In closing the letter, Cowper also discussed Palmtree’s alternatives for developing the land, should it decide not to develop the land in accordance with the 1984 plat.
The only evidence in the record offered in support of Palmtree’s claims against the defendants is the deposition testimony of Samuel McKerall. McKerall is an attorney who represented Palmtree from 1994 until 1999.6 In his deposition testimony, McKerall stated that the first time he discussed the zoning of Palmtree’s land as R-1 with Santa Cruz, Santa Cruz pointed out that the zoning ordinance contained a grandfather clause. McKerall further stated “I remember thinking [the grandfather clause] solved the problem. Later I decided that it didn’t solve the problem.” (R. 109.) It was after McKerall determined that the grandfather clause did not solve Palmtree’s zoning problem that Palmtree petitioned the Baldwin County Commission to rezone Palmtree’s land. When McKerall was questioned as to whether anyone representing Baldwin County had actually told him that the project could not be constructed as platted, McKerall initially answered “no.” McKe-rall then stated that he was sure that either Frank Santa Cruz or Kevin Cowper had told him that the project could not be constructed in accordance with the plat. Later, however, McKerall admitted that he was not sure whether either Santa Cruz or Cowper had told him that the land could not be developed in accordance with the plat.
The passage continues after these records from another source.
(* Let $\rho = (\mathcal{V}, V, \mathbf{1}, \mathrm{var}, \mathrm{low}, \mathrm{high}, \mathrm{flip})$ be a COBDD with $\mathcal{V} = \mathcal{X} \,\dot\cup\, \mathcal{U}$, $\mathcal X=\{x_1,\dots,x_n\}$, $\mathcal U=\{u_1,\dots,u_r\}$, let $v \in V$ be a node and $b \in \mathbb{B}$ a flipping bit, and let $[\![ v, b]\!] = K(\mathbf{x}, \mathbf{u})$. Then the procedure SolveFunctionalEq$(\rho, v, b)$ outputs nodes $v_1, \ldots, v_r$ and boolean values $b_1, \ldots, b_r$ such that, writing $f_i(\mathbf x) := [\![ v_i, b_i]\!]$ for $i \in \{1,\dots,r\}$ (each $f_i$ depends only on $\mathbf x$), every $\mathbf{x} \in \mathrm{Dom}(K)$ satisfies $K(\mathbf{x}, f_1(\mathbf{x}), \ldots, f_r(\mathbf{x})) = 1$.
   Context: $\mathbb{B}=\{0,1\}$; $+$, juxtaposition, $\bar{\ }$, $\oplus$ denote OR, AND, complement, XOR; $f|_{y=g}$ denotes substitution of $g$ for variable $y$ in $f$, and $\exists y\, f := f|_{y=0}+f|_{y=1}$. A COBDD is a tuple $\rho = (\mathcal{V}, V, \mathbf{1}, \mathrm{var}, \mathrm{low}, \mathrm{high}, \mathrm{flip})$ with $\mathcal V$ a finite totally ordered set of boolean variables, $V$ a finite set of nodes, $\mathbf 1\in V$ the terminal node, $\mathrm{var}: V\setminus\{\mathbf 1\}\to\mathcal V$, $\mathrm{high},\mathrm{low}: V\setminus\{\mathbf 1\}\to V$, $\mathrm{flip}: V\setminus\{\mathbf 1\}\to\mathbb B$, with variables strictly increasing along edges $v\to\mathrm{high}(v)$, $v\to\mathrm{low}(v)$; COBDDs are assumed reduced (no internal $v$ with $\mathrm{low}(v)=\mathrm{high}(v)$ and $\mathrm{flip}(v)=0$, and no two distinct nodes whose reachable sub-COBDDs are isomorphic). Semantics: $[\![ \mathbf 1, b]\!] := \bar b$ and, for internal $v$ with $\mathrm{var}(v)=y$, $[\![ v,b]\!] := y [\![ \mathrm{high}(v), b]\!] + \bar y [\![ \mathrm{low}(v), b\oplus \mathrm{flip}(v)]\!]$. Every boolean function is represented as $[\![ w,c]\!]$ for some node $w$ and bit $c$ (the COBDD being extended with new nodes as needed). Two operations are assumed available and correct: COBDD_APP, which given variables $y_1,\dots,y_k$, pairs $(w_1,c_1),\dots,(w_k,c_k)$ and $(w,c)$ returns $(w',c')$ with $[\![ w',c']\!] = [\![ w,c]\!]|_{y_1=[\![ w_1,c_1]\!],\dots,y_k=[\![ w_k,c_k]\!]}$; and COBDD_EX, which given variables $y_1,\dots,y_k$ and $(w,c)$ returns $(w',c')$ with $[\![ w',c']\!]=\exists y_1,\dots,y_k\,[\![ w,c]\!]$. The procedure SolveFunctionalEq$(\rho,v,b)$: for $i=1,\dots,r$ in order, it computes $(v_i,b_i)$ := COBDD_EX$(u_{i+1},\dots,u_r,$ COBDD_APP$(u_1,\dots,u_i, v_1,b_1,\dots,v_{i-1},b_{i-1},\mathbf 1,0, v,b))$, i.e. $[\![ v_i,b_i]\!] = \exists u_{i+1},\dots,u_r\, K(\mathbf x, [\![ v_1,b_1]\!],\dots,[\![ v_{i-1},b_{i-1}]\!], 1, u_{i+1},\dots,u_r)$ (note $[\![ \mathbf 1,0]\!]=1$); it returns $\langle v_1,b_1,\dots,v_r,b_r\rangle$. $\mathrm{Dom}(K) = \{\mathbf x \mid \exists \mathbf u\; K(\mathbf x,\mathbf u)=1\}$. *)

theory Defs
  imports Main
begin

text \<open>COBDDs (complement-edge ordered BDDs).
  Fields that are only meaningful on internal nodes are total functions; only their values on
  nodes - {one} matter.\<close>

record ('v, 'n) cobdd =
  vars  :: "'v set"
  nodes :: "'n set"
  one   :: 'n
  var   :: "'n \<Rightarrow> 'v"
  low   :: "'n \<Rightarrow> 'n"
  high  :: "'n \<Rightarrow> 'n"
  flip  :: "'n \<Rightarrow> bool"

definition succs :: "('v, 'n) cobdd \<Rightarrow> ('n \<times> 'n) set" where
  "succs \<rho> = {(w, z). w \<in> nodes \<rho> \<and> w \<noteq> one \<rho> \<and> (z = low \<rho> w \<or> z = high \<rho> w)}"

definition reach :: "('v, 'n) cobdd \<Rightarrow> 'n \<Rightarrow> 'n set" where
  "reach \<rho> w = (succs \<rho>)\<^sup>* `` {w}"

definition sub_iso :: "('v, 'n) cobdd \<Rightarrow> 'n \<Rightarrow> 'n \<Rightarrow> bool" where
  "sub_iso \<rho> w w' \<longleftrightarrow> (\<exists>h. bij_betw h (reach \<rho> w) (reach \<rho> w') \<and> h w = w' \<and>
     (\<forall>z\<in>reach \<rho> w. (z = one \<rho> \<longleftrightarrow> h z = one \<rho>) \<and>
        (z \<noteq> one \<rho> \<longrightarrow> var \<rho> (h z) = var \<rho> z \<and> low \<rho> (h z) = h (low \<rho> z) \<and>
                      high \<rho> (h z) = h (high \<rho> z) \<and> flip \<rho> (h z) = flip \<rho> z)))"

definition is_cobdd :: "('v::linorder, 'n) cobdd \<Rightarrow> bool" where
  "is_cobdd \<rho> \<longleftrightarrow> finite (vars \<rho>) \<and> finite (nodes \<rho>) \<and> one \<rho> \<in> nodes \<rho> \<and>
     (\<forall>w\<in>nodes \<rho> - {one \<rho>}.
        var \<rho> w \<in> vars \<rho> \<and> low \<rho> w \<in> nodes \<rho> \<and> high \<rho> w \<in> nodes \<rho> \<and>
        (low \<rho> w \<noteq> one \<rho> \<longrightarrow> var \<rho> w < var \<rho> (low \<rho> w)) \<and>
        (high \<rho> w \<noteq> one \<rho> \<longrightarrow> var \<rho> w < var \<rho> (high \<rho> w)) \<and>
        \<not> (low \<rho> w = high \<rho> w \<and> \<not> flip \<rho> w)) \<and>
     (\<forall>w\<in>nodes \<rho>. \<forall>w'\<in>nodes \<rho>. w \<noteq> w' \<longrightarrow> \<not> sub_iso \<rho> w w')"

text \<open>Semantics: eval rho w b a r means [[w,b]] evaluates to r under assignment a.\<close>
inductive eval :: "('v, 'n) cobdd \<Rightarrow> 'n \<Rightarrow> bool \<Rightarrow> ('v \<Rightarrow> bool) \<Rightarrow> bool \<Rightarrow> bool"
  for \<rho> where
  eval_one: "eval \<rho> (one \<rho>) b a (\<not> b)"
| eval_high: "w \<noteq> one \<rho> \<Longrightarrow> a (var \<rho> w) \<Longrightarrow> eval \<rho> (high \<rho> w) b a r \<Longrightarrow> eval \<rho> w b a r"
| eval_low: "w \<noteq> one \<rho> \<Longrightarrow> \<not> a (var \<rho> w) \<Longrightarrow> eval \<rho> (low \<rho> w) (b \<noteq> flip \<rho> w) a r
              \<Longrightarrow> eval \<rho> w b a r"

definition sem :: "('v, 'n) cobdd \<Rightarrow> 'n \<Rightarrow> bool \<Rightarrow> ('v \<Rightarrow> bool) \<Rightarrow> bool" where
  "sem \<rho> w b a = (THE r. eval \<rho> w b a r)"

definition extends :: "('v, 'n) cobdd \<Rightarrow> ('v, 'n) cobdd \<Rightarrow> bool" where
  "extends \<rho> \<rho>' \<longleftrightarrow> vars \<rho>' = vars \<rho> \<and> nodes \<rho> \<subseteq> nodes \<rho>' \<and> one \<rho>' = one \<rho> \<and>
     (\<forall>w\<in>nodes \<rho> - {one \<rho>}. var \<rho>' w = var \<rho> w \<and> low \<rho>' w = low \<rho> w \<and>
        high \<rho>' w = high \<rho> w \<and> flip \<rho>' w = flip \<rho> w)"

definition subst_assign ::
  "('v, 'n) cobdd \<Rightarrow> 'v list \<Rightarrow> ('n \<times> bool) list \<Rightarrow> ('v \<Rightarrow> bool) \<Rightarrow> ('v \<Rightarrow> bool)" where
  "subst_assign \<rho> ys ps a = (\<lambda>y. case map_of (zip ys ps) y of
       None \<Rightarrow> a y | Some (w, c) \<Rightarrow> sem \<rho> w c a)"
Palmtree’s action against the defendants is not ripe for adjudication because there is presently no live justiciable controversy that would give the courts jurisdiction over this case. Palmtree’s breach-of-contract claims against the defendants for not honoring the grandfather clause of the zoning ordinance, Palmtree’s allegations that the defendants are estopped from enforcing the zoning ordinance, and Palmtree’s claims that its property has been “taken” by the county without just compensation, are all based upon the assumption that Palmtree will be denied a land-use certificate and all of the ensuing permits necessary to develop its land in accordance with the 1984 plat. There is no evidence in the record indicating that Baldwin County, through its officials or otherwise, denied Palmtree the opportunity to commence its project as that project was approved in 1984. Palmtree’s allegations do nothing more than demonstrate its anticipation that there may be a controversy in the future. As of the filing of this action, Palmtree has not in any way been denied the right to develop its property in accordance with the plat as it was recorded in 1984; because there has been no denial, Palmtree has not yet suffered an injury.
Because Palmtree failed to invoke the jurisdiction of the trial court, any order entered by the trial court is void. Accordingly, we dismiss this appeal.
APPEAL DISMISSED.
MOORE, C.J., and SEE, JOHNSTONE, and HARWOOD, JJ., concur.